▶ **Aim of the task**
Go over the entries below line by line, copying each one that contains the word "definition".

[Stored items]
━━━
lemma contour_integrable_circlepath_around_singularities:
  fixes K :: "complex set"
  assumes "finite K" and "f holomorphic_on - K" and "\<And>y. y \<in> K \<Longrightarrow> norm y < r"
  shows "f contour_integrable_on circlepath 0 r"
proof (rule contour_integrable_holomorphic_simple[OF \<open>f holomorphic_on - K\<close>])
  show "open (- K)"
    using \<open>finite K\<close> by (simp add: finite_imp_closed open_Compl)
  show "path_image (circlepath 0 r) \<subseteq> - K"
    using assms(3) by (rule path_image_circlepath_subset_Compl)
qed simp

lemma has_vector_derivative_contour_integral_circlepath_exp:
  fixes g :: "complex \<Rightarrow> complex"
  assumes "continuous_on (path_image (circlepath c r)) g"
  shows "((\<lambda>t. contour_integral (circlepath c r) (\<lambda>z. exp (of_real t * z) * g z))
           has_vector_derivative
             contour_integral (circlepath c r) (\<lambda>z. z * exp (of_real t * z) * g z)) (at t)"
proof -
  define \<gamma> where "\<gamma> = circlepath c r"
  define d where "d s = vector_derivative \<gamma> (at s)" for s
  have d_cont: "continuous_on A d" for A
    unfolding d_def \<gamma>_def vector_derivative_circlepath by (intro continuous_intros)
  have \<gamma>_cont: "continuous_on A \<gamma>" for A
    unfolding \<gamma>_def circlepath by (intro continuous_intros)
  have g\<gamma>_cont: "continuous_on {0..1} (\<lambda>s. g (\<gamma> s))"
    using continuous_on_compose[OF \<gamma>_cont, of "{0..1}" g] assms
    by (simp add: \<gamma>_def path_image_def o_def)
  have snd_cont: "continuous_on (UNIV \<times> {0..1}) (\<lambda>p. h (snd p))"
    if "continuous_on {0..1} h" for h :: "real \<Rightarrow> complex"
    by (rule continuous_on_compose2[OF that]) (auto intro: continuous_intros)
  have "((\<lambda>t. integral (cbox 0 1) (\<lambda>s. exp (of_real t * \<gamma> s) * g (\<gamma> s) * d s))
          has_vector_derivative
            integral (cbox 0 1) (\<lambda>s. \<gamma> s * exp (of_real t * \<gamma> s) * g (\<gamma> s) * d s)) (at t within UNIV)"
  proof (rule leibniz_rule_vector_derivative)
    fix t s :: real
    have "((\<lambda>w. exp (w * \<gamma> s) * g (\<gamma> s) * d s) has_field_derivative
            \<gamma> s * exp (of_real t * \<gamma> s) * g (\<gamma> s) * d s) (at (of_real t))"
      by (auto intro!: derivative_eq_intros)
    from has_vector_derivative_real_field[OF this]
    show "((\<lambda>t. exp (of_real t * \<gamma> s) * g (\<gamma> s) * d s) has_vector_derivative
            \<gamma> s * exp (of_real t * \<gamma> s) * g (\<gamma> s) * d s) (at t within UNIV)"
      by simp
  next
    fix t :: real
    have "continuous_on {0..1} (\<lambda>s. exp (of_real t * \<gamma> s) * g (\<gamma> s) * d s)"
      by (intro continuous_intros \<gamma>_cont g\<gamma>_cont d_cont)
    then show "(\<lambda>s. exp (of_real t * \<gamma> s) * g (\<gamma> s) * d s) integrable_on cbox 0 1"
      by (simp add: integrable_continuous_real)
  next
    show "continuous_on (UNIV \<times> cbox 0 1)
            (\<lambda>(t, s). \<gamma> s * exp (of_real t * \<gamma> s) * g (\<gamma> s) * d s)"
      unfolding case_prod_beta cbox_interval
      by (intro continuous_intros snd_cont g\<gamma>_cont \<gamma>_cont d_cont)
  qed auto
  then show ?thesis
    by (simp add: contour_integral_integral d_def flip: \<gamma>_def)
qed
(* Let $(\mathfrak{h},[\cdot,\cdot])$ be a finite-dimensional real left Leibniz algebra with $H^0(\mathfrak{h})=H^1(\mathfrak{h})=0$. Let $(A_{n,1})_{n\ge0}$ be a sequence with $A_{0,1}(x,y)=y$, $A_{1,1}(x,y)=[x,y]$, and for each $n\ge2$, $A_{n,1}:\mathfrak{h}^{n+1}\to\mathfrak{h}$ multilinear, invariant, and symmetric in its first $n$ arguments. Writing $A_{p,1}(x,y)=A_{p,1}(x,\ldots,x,y)$, assume that for all $p\ge1$ and all $x,y,z\in\mathfrak{h}$, \[A_{p,1}(x,[y,z])=[y,A_{p,1}(x,z)]+[A_{p,1}(x,y),z]+\sum_{r=1}^{p-1}[A_{r,1}(x,y),A_{p-r,1}(x,z)].\] Then there exists a unique sequence $(B_n)_{n\ge2}$ of invariant symmetric multilinear maps $B_n:\mathfrak{h}^n\to\mathfrak{h}$ such that for every $n\ge2$ and all $x,y\in\mathfrak{h}$, \[A_{n,1}(x,y)=A^0_{n,1}(x,y)+\sum_{k=1}^{[n/2]}\ \sum_{\substack{(l_1,\ldots,l_k),\ l_i\ge2\\ s=l_1+\cdots+l_k\le n}}A^0_{k,1}\big(B_{l_1}(x),\ldots,B_{l_k}(x),A^0_{n-s,1}(x,y)\big),\] where $B_l(x)=B_l(x,\ldots,x)$ and the inner sum is over ordered tuples.
   Context: Left Leibniz algebra: bilinear bracket with $[u,[v,w]]=[[u,v],w]+[v,[u,w]]$; $\mathrm{ad}_x(y)=[x,y]$. $H^0(\mathfrak{h})=\{x\in\mathfrak{h}:[x,m]=0\ \forall m\in\mathfrak{h}\}$. $H^1(\mathfrak{h})$ is the quotient of the space of linear maps $F:\mathfrak{h}\to\mathfrak{h}$ with $F([y,z])=[y,F(z)]+[F(y),z]$ for all $y,z$, by the subspace $\{\mathrm{ad}_x:x\in\mathfrak{h}\}$. A multilinear map $A:\mathfrak{h}^{m}\to\mathfrak{h}$ is invariant if $[x,A(y_1,\ldots,y_m)]=\sum_{i=1}^mA(y_1,\ldots,[x,y_i],\ldots,y_m)$ for all $x,y_1,\ldots,y_m$. The maps $A^0_{k,1}$ are defined by $A^0_{0,1}(x,y)=y$ and $A^0_{k,1}(x_1,\ldots,x_k,y)=\frac{1}{(k!)^2}\sum_{\sigma\in S_k}\mathrm{ad}_{x_{\sigma(1)}}\circ\cdots\circ\mathrm{ad}_{x_{\sigma(k)}}(y)$ for $k\ge1$, with $A^0_{k,1}(x,y)=A^0_{k,1}(x,\ldots,x,y)$. *)

theory Defs
  imports "HOL-Analysis.Analysis" "HOL-Combinatorics.Permutations"
begin

definition left_leibniz :: "('a::real_vector \<Rightarrow> 'a \<Rightarrow> 'a) \<Rightarrow> bool" where
  "left_leibniz br \<longleftrightarrow> bilinear br \<and>
     (\<forall>u v w. br u (br v w) = br (br u v) w + br v (br u w))"

definition H0_zero :: "('a::real_vector \<Rightarrow> 'a \<Rightarrow> 'a) \<Rightarrow> bool" where
  "H0_zero br \<longleftrightarrow> {x. \<forall>m. br x m = 0} = {0}"

definition derivations :: "('a::real_vector \<Rightarrow> 'a \<Rightarrow> 'a) \<Rightarrow> ('a \<Rightarrow> 'a) set" where
  "derivations br = {F. linear F \<and> (\<forall>y z. F (br y z) = br y (F z) + br (F y) z)}"

definition inner_derivations :: "('a::real_vector \<Rightarrow> 'a \<Rightarrow> 'a) \<Rightarrow> ('a \<Rightarrow> 'a) set" where
  "inner_derivations br = {br x | x. True}"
━━━
▶ **Answer to this exercise**
definition left_leibniz :: "('a::real_vector \<Rightarrow> 'a \<Rightarrow> 'a) \<Rightarrow> bool" where
definition H0_zero :: "('a::real_vector \<Rightarrow> 'a \<Rightarrow> 'a) \<Rightarrow> bool" where
definition derivations :: "('a::real_vector \<Rightarrow> 'a \<Rightarrow> 'a) \<Rightarrow> ('a \<Rightarrow> 'a) set" where
definition inner_derivations :: "('a::real_vector \<Rightarrow> 'a \<Rightarrow> 'a) \<Rightarrow> ('a \<Rightarrow> 'a) set" where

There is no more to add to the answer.